+++ DATA SHOWN
lemma no_cluster_point_spread_subsequence:
  assumes "no_cluster_point xs"
  obtains \<sigma> :: "nat \<Rightarrow> nat" and r where "strict_mono \<sigma>" "\<forall>i. 0 < r i"
    "\<forall>i j. i < j \<longrightarrow> r i \<le> dist (xs (\<sigma> i)) (xs (\<sigma> j))"
proof -
  obtain r N where r: "\<And>x. 0 < r x" and N: "\<And>x m. N x \<le> m \<Longrightarrow> r x \<le> dist x (xs m)"
    using assms unfolding no_cluster_point_def eventually_sequentially by metis
  define N' where "N' n = Max ((\<lambda>i. N (xs i)) ` {..n})" for n
  have N_le: "N (xs i) \<le> N' i" for i by (simp add: N'_def)
  have N'_mono: "N' m \<le> N' n" if "m \<le> n" for m n
    unfolding N'_def using that by (intro Max_mono) auto
  \<comment> \<open>each new index lies beyond the escape times of all points chosen so far\<close>
  define \<sigma> where "\<sigma> = rec_nat 0 (\<lambda>_ s. max (Suc s) (N' s))"
  have \<sigma>_Suc: "\<sigma> (Suc j) = max (Suc (\<sigma> j)) (N' (\<sigma> j))" for j by (simp add: \<sigma>_def)
  have mono: "strict_mono \<sigma>" unfolding strict_mono_Suc_iff \<sigma>_Suc by (simp add: less_max_iff_disj)
  have "r (xs (\<sigma> i)) \<le> dist (xs (\<sigma> i)) (xs (\<sigma> j))" if "i < j" for i j
  proof -
    obtain j' where j': "j = Suc j'" "i \<le> j'" using \<open>i < j\<close> less_iff_Suc_add by auto
    have "N (xs (\<sigma> i)) \<le> N' (\<sigma> j')"
      using N_le N'_mono strict_mono_less_eq[OF mono] j'(2) le_trans by blast
    also have "\<dots> \<le> \<sigma> j" using j'(1) \<sigma>_Suc by simp
    finally show ?thesis by (rule N)
  qed
  then show ?thesis using that[OF mono, of "\<lambda>i. r (xs (\<sigma> i))"] r by blast
qed

lemma no_cluster_point_locally_finite_balls:
  fixes ys :: "nat \<Rightarrow> 'a::metric_space"
  assumes nc: "no_cluster_point ys" and \<rho>: "\<rho> \<longlonglongrightarrow> 0"
  shows "\<exists>\<delta>>0. \<forall>\<^sub>F j in sequentially. ball x \<delta> \<inter> ball (ys j) (\<rho> j) = {}"
proof -
  obtain s where s: "0 < s" "\<forall>\<^sub>F j in sequentially. s \<le> dist x (ys j)"
    using nc unfolding no_cluster_point_def by blast
  have "\<forall>\<^sub>F j in sequentially. \<rho> j < s / 2"
    using order_tendstoD(2)[OF \<rho> half_gt_zero[OF s(1)]] .
  with s(2) have "\<forall>\<^sub>F j in sequentially. ball x (s / 2) \<inter> ball (ys j) (\<rho> j) = {}"
  proof eventually_elim
    case (elim j)
    have False if "z \<in> ball x (s / 2)" "z \<in> ball (ys j) (\<rho> j)" for z
    proof -
      have "dist x (ys j) \<le> dist x z + dist (ys j) z"
        using dist_triangle[of x "ys j" z] by (simp add: dist_commute)
      then show False using that elim unfolding mem_ball by linarith
    qed
    then show ?case by blast
  qed
  then show ?thesis using s(1) half_gt_zero by blast
qed

lemma no_cluster_point_disjoint_balls:
  fixes ys :: "nat \<Rightarrow> 'a::metric_space"
  assumes nc: "no_cluster_point ys" and r: "\<forall>i. 0 < r i"
    and spread: "\<forall>i j. i < j \<longrightarrow> r i \<le> dist (ys i) (ys j)"
  obtains \<rho> where "\<forall>j. 0 < \<rho> j" "disjoint_family (\<lambda>j. ball (ys j) (\<rho> j))"
    "\<forall>x. \<exists>\<delta>>0. \<forall>\<^sub>F j in sequentially. ball x \<delta> \<inter> ball (ys j) (\<rho> j) = {}"
proof -
  define \<rho> where "\<rho> j = Min ((\<lambda>i. min (r i / 2) (inverse (real (Suc i)))) ` {..j})" for j
  have \<rho>_pos: "0 < \<rho> j" for j unfolding \<rho>_def using r by (subst Min_gr_iff) auto
  have \<rho>_le: "\<rho> j \<le> r i / 2" "\<rho> j \<le> inverse (real (Suc i))" if "i \<le> j" for i j
    using that Min_le[of "(\<lambda>i. min (r i / 2) (inverse (real (Suc i)))) ` {..j}"]
    unfolding \<rho>_def by fastforce+
  have "ball (ys i) (\<rho> i) \<inter> ball (ys j) (\<rho> j) = {}" if "i < j" for i j
  proof -
    have "\<rho> i + \<rho> j \<le> dist (ys i) (ys j)"
      using \<rho>_le(1)[of i i] \<rho>_le(1)[of i j] spread that by fastforce
    moreover have "dist (ys i) (ys j) \<le> dist (ys i) z + dist (ys j) z" for z
      using dist_triangle[of "ys i" "ys j" z] by (simp add: dist_commute)
    ultimately have False if "z \<in> ball (ys i) (\<rho> i)" "z \<in> ball (ys j) (\<rho> j)" for z
      using that unfolding mem_ball by (smt (verit))
    then show ?thesis by blast
  qed
  then have "disjoint_family (\<lambda>j. ball (ys j) (\<rho> j))"
    unfolding disjoint_family_on_def by (metis Int_commute linorder_neqE_nat)
  moreover have "\<rho> \<longlonglongrightarrow> 0"
    by (rule tendsto_sandwich[OF always_eventually always_eventually tendsto_const
          LIMSEQ_inverse_real_of_nat])
      (use \<rho>_pos \<rho>_le(2) in \<open>auto intro: less_imp_le\<close>)
  then have "\<exists>\<delta>>0. \<forall>\<^sub>F j in sequentially. ball x \<delta> \<inter> ball (ys j) (\<rho> j) = {}" for x
    by (rule no_cluster_point_locally_finite_balls[OF nc])
  ultimately show ?thesis using that \<rho>_pos by blast
qed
++++++
● AIM OF THE EXERCISE: Each line above should be copied exactly, with no line missing.

● EXERCISE ANSWER:
lemma no_cluster_point_spread_subsequence:
  assumes "no_cluster_point xs"
  obtains \<sigma> :: "nat \<Rightarrow> nat" and r where "strict_mono \<sigma>" "\<forall>i. 0 < r i"
    "\<forall>i j. i < j \<longrightarrow> r i \<le> dist (xs (\<sigma> i)) (xs (\<sigma> j))"
proof -
  obtain r N where r: "\<And>x. 0 < r x" and N: "\<And>x m. N x \<le> m \<Longrightarrow> r x \<le> dist x (xs m)"
    using assms unfolding no_cluster_point_def eventually_sequentially by metis
  define N' where "N' n = Max ((\<lambda>i. N (xs i)) ` {..n})" for n
  have N_le: "N (xs i) \<le> N' i" for i by (simp add: N'_def)
  have N'_mono: "N' m \<le> N' n" if "m \<le> n" for m n
    unfolding N'_def using that by (intro Max_mono) auto
  \<comment> \<open>each new index lies beyond the escape times of all points chosen so far\<close>
  define \<sigma> where "\<sigma> = rec_nat 0 (\<lambda>_ s. max (Suc s) (N' s))"
  have \<sigma>_Suc: "\<sigma> (Suc j) = max (Suc (\<sigma> j)) (N' (\<sigma> j))" for j by (simp add: \<sigma>_def)
  have mono: "strict_mono \<sigma>" unfolding strict_mono_Suc_iff \<sigma>_Suc by (simp add: less_max_iff_disj)
  have "r (xs (\<sigma> i)) \<le> dist (xs (\<sigma> i)) (xs (\<sigma> j))" if "i < j" for i j
  proof -
    obtain j' where j': "j = Suc j'" "i \<le> j'" using \<open>i < j\<close> less_iff_Suc_add by auto
    have "N (xs (\<sigma> i)) \<le> N' (\<sigma> j')"
      using N_le N'_mono strict_mono_less_eq[OF mono] j'(2) le_trans by blast
    also have "\<dots> \<le> \<sigma> j" using j'(1) \<sigma>_Suc by simp
    finally show ?thesis by (rule N)
  qed
  then show ?thesis using that[OF mono, of "\<lambda>i. r (xs (\<sigma> i))"] r by blast
qed

lemma no_cluster_point_locally_finite_balls:
  fixes ys :: "nat \<Rightarrow> 'a::metric_space"
  assumes nc: "no_cluster_point ys" and \<rho>: "\<rho> \<longlonglongrightarrow> 0"
  shows "\<exists>\<delta>>0. \<forall>\<^sub>F j in sequentially. ball x \<delta> \<inter> ball (ys j) (\<rho> j) = {}"
proof -
  obtain s where s: "0 < s" "\<forall>\<^sub>F j in sequentially. s \<le> dist x (ys j)"
    using nc unfolding no_cluster_point_def by blast
  have "\<forall>\<^sub>F j in sequentially. \<rho> j < s / 2"
    using order_tendstoD(2)[OF \<rho> half_gt_zero[OF s(1)]] .
  with s(2) have "\<forall>\<^sub>F j in sequentially. ball x (s / 2) \<inter> ball (ys j) (\<rho> j) = {}"
  proof eventually_elim
    case (elim j)
    have False if "z \<in> ball x (s / 2)" "z \<in> ball (ys j) (\<rho> j)" for z
    proof -
      have "dist x (ys j) \<le> dist x z + dist (ys j) z"
        using dist_triangle[of x "ys j" z] by (simp add: dist_commute)
      then show False using that elim unfolding mem_ball by linarith
    qed
    then show ?case by blast
  qed
  then show ?thesis using s(1) half_gt_zero by blast
qed

lemma no_cluster_point_disjoint_balls:
  fixes ys :: "nat \<Rightarrow> 'a::metric_space"
  assumes nc: "no_cluster_point ys" and r: "\<forall>i. 0 < r i"
    and spread: "\<forall>i j. i < j \<longrightarrow> r i \<le> dist (ys i) (ys j)"
  obtains \<rho> where "\<forall>j. 0 < \<rho> j" "disjoint_family (\<lambda>j. ball (ys j) (\<rho> j))"
    "\<forall>x. \<exists>\<delta>>0. \<forall>\<^sub>F j in sequentially. ball x \<delta> \<inter> ball (ys j) (\<rho> j) = {}"
proof -
  define \<rho> where "\<rho> j = Min ((\<lambda>i. min (r i / 2) (inverse (real (Suc i)))) ` {..j})" for j
  have \<rho>_pos: "0 < \<rho> j" for j unfolding \<rho>_def using r by (subst Min_gr_iff) auto
  have \<rho>_le: "\<rho> j \<le> r i / 2" "\<rho> j \<le> inverse (real (Suc i))" if "i \<le> j" for i j
    using that Min_le[of "(\<lambda>i. min (r i / 2) (inverse (real (Suc i)))) ` {..j}"]
    unfolding \<rho>_def by fastforce+
  have "ball (ys i) (\<rho> i) \<inter> ball (ys j) (\<rho> j) = {}" if "i < j" for i j
  proof -
    have "\<rho> i + \<rho> j \<le> dist (ys i) (ys j)"
      using \<rho>_le(1)[of i i] \<rho>_le(1)[of i j] spread that by fastforce
    moreover have "dist (ys i) (ys j) \<le> dist (ys i) z + dist (ys j) z" for z
      using dist_triangle[of "ys i" "ys j" z] by (simp add: dist_commute)
    ultimately have False if "z \<in> ball (ys i) (\<rho> i)" "z \<in> ball (ys j) (\<rho> j)" for z
      using that unfolding mem_ball by (smt (verit))
    then show ?thesis by blast
  qed
  then have "disjoint_family (\<lambda>j. ball (ys j) (\<rho> j))"
    unfolding disjoint_family_on_def by (metis Int_commute linorder_neqE_nat)
  moreover have "\<rho> \<longlonglongrightarrow> 0"
    by (rule tendsto_sandwich[OF always_eventually always_eventually tendsto_const
          LIMSEQ_inverse_real_of_nat])
      (use \<rho>_pos \<rho>_le(2) in \<open>auto intro: less_imp_le\<close>)
  then have "\<exists>\<delta>>0. \<forall>\<^sub>F j in sequentially. ball x \<delta> \<inter> ball (ys j) (\<rho> j) = {}" for x
    by (rule no_cluster_point_locally_finite_balls[OF nc])
  ultimately show ?thesis using that \<rho>_pos by blast
qed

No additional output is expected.